----- EXTRACTED RECORDS -----

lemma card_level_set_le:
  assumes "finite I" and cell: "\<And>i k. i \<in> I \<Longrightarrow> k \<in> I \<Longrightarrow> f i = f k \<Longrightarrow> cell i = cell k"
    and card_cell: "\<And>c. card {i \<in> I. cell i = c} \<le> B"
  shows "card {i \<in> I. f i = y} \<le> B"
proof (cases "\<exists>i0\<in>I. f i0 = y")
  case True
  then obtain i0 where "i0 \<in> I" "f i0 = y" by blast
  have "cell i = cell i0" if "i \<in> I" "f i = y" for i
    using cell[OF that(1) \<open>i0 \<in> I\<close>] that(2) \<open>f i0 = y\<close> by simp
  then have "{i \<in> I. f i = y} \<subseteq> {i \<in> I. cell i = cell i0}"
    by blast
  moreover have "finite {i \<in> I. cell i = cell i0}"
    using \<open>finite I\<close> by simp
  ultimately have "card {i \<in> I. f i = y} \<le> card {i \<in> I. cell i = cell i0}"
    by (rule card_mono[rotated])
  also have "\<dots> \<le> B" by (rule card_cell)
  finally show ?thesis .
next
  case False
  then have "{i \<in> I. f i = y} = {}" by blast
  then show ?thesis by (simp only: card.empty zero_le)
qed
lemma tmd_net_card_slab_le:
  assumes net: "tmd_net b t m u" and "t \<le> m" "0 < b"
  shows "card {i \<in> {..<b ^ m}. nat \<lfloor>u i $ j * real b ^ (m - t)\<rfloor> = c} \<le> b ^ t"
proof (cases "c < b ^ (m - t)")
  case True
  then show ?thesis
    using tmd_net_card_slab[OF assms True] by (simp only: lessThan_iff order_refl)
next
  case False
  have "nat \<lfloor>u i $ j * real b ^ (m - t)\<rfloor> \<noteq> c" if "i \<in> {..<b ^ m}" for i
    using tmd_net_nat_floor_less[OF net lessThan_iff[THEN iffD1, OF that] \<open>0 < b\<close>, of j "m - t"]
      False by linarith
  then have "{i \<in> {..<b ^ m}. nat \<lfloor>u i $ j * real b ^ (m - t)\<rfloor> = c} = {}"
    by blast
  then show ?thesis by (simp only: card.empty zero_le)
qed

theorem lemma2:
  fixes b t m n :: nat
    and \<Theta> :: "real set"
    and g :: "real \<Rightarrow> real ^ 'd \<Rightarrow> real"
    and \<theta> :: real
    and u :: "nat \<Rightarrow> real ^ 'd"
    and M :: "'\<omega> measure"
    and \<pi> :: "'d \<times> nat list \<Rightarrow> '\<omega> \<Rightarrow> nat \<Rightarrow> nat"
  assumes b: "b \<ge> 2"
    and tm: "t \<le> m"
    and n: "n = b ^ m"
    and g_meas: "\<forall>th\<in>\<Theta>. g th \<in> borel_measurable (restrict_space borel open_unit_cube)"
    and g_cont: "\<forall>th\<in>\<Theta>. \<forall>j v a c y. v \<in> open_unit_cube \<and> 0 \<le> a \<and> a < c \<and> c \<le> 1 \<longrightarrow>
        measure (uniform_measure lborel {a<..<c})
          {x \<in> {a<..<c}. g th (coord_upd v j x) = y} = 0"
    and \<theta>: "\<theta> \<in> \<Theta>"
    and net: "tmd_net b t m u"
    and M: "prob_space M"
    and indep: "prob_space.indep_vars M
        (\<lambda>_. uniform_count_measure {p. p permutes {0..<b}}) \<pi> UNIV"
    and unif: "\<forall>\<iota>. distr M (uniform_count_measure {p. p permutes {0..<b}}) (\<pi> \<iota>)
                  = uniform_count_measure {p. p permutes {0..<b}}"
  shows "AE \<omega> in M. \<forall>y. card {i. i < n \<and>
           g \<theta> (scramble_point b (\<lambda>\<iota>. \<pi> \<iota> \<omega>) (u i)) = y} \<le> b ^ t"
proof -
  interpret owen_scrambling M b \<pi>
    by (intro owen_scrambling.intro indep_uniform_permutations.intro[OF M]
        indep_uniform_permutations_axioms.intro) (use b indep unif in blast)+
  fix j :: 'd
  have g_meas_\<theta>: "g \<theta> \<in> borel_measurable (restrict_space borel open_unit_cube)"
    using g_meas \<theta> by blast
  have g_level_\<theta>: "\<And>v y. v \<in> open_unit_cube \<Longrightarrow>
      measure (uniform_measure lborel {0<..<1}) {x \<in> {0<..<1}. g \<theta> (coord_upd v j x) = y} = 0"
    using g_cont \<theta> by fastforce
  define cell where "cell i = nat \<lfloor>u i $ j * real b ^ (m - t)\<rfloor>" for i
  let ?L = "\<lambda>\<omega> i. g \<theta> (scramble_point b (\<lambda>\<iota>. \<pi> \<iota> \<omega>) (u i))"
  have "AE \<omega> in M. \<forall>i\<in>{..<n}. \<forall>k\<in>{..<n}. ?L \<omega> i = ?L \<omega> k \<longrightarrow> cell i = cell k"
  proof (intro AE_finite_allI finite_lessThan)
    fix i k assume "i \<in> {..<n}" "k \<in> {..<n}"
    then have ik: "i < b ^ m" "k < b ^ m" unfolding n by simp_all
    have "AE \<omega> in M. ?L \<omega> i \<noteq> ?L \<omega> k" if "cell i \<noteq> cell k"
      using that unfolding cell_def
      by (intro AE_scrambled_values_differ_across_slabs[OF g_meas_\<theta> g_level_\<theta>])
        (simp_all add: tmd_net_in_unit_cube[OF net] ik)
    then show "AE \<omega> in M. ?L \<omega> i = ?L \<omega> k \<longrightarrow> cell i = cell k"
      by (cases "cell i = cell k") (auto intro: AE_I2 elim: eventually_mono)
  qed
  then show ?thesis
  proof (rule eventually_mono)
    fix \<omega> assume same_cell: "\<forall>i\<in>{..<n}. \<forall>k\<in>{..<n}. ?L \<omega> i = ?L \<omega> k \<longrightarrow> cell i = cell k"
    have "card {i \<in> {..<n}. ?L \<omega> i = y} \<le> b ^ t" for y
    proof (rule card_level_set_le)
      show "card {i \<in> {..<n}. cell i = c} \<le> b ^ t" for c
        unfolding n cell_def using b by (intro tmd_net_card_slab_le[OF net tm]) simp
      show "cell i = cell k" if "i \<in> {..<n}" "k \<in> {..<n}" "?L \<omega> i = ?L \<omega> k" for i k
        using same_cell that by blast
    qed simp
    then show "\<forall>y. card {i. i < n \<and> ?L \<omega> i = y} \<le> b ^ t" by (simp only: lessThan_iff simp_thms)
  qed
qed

-----

> **TASK ITEM**
What you return should consist solely of the lines from the one containing "AE_I2 elim: eventually_mono)" through the end of the entries above, reproduced exactly.

> **YOUR SOLUTION**
      by (cases "cell i = cell k") (auto intro: AE_I2 elim: eventually_mono)
  qed
  then show ?thesis
  proof (rule eventually_mono)
    fix \<omega> assume same_cell: "\<forall>i\<in>{..<n}. \<forall>k\<in>{..<n}. ?L \<omega> i = ?L \<omega> k \<longrightarrow> cell i = cell k"
    have "card {i \<in> {..<n}. ?L \<omega> i = y} \<le> b ^ t" for y
    proof (rule card_level_set_le)
      show "card {i \<in> {..<n}. cell i = c} \<le> b ^ t" for c
        unfolding n cell_def using b by (intro tmd_net_card_slab_le[OF net tm]) simp
      show "cell i = cell k" if "i \<in> {..<n}" "k \<in> {..<n}" "?L \<omega> i = ?L \<omega> k" for i k
        using same_cell that by blast
    qed simp
    then show "\<forall>y. card {i. i < n \<and> ?L \<omega> i = y} \<le> b ^ t" by (simp only: lessThan_iff simp_thms)
  qed
qed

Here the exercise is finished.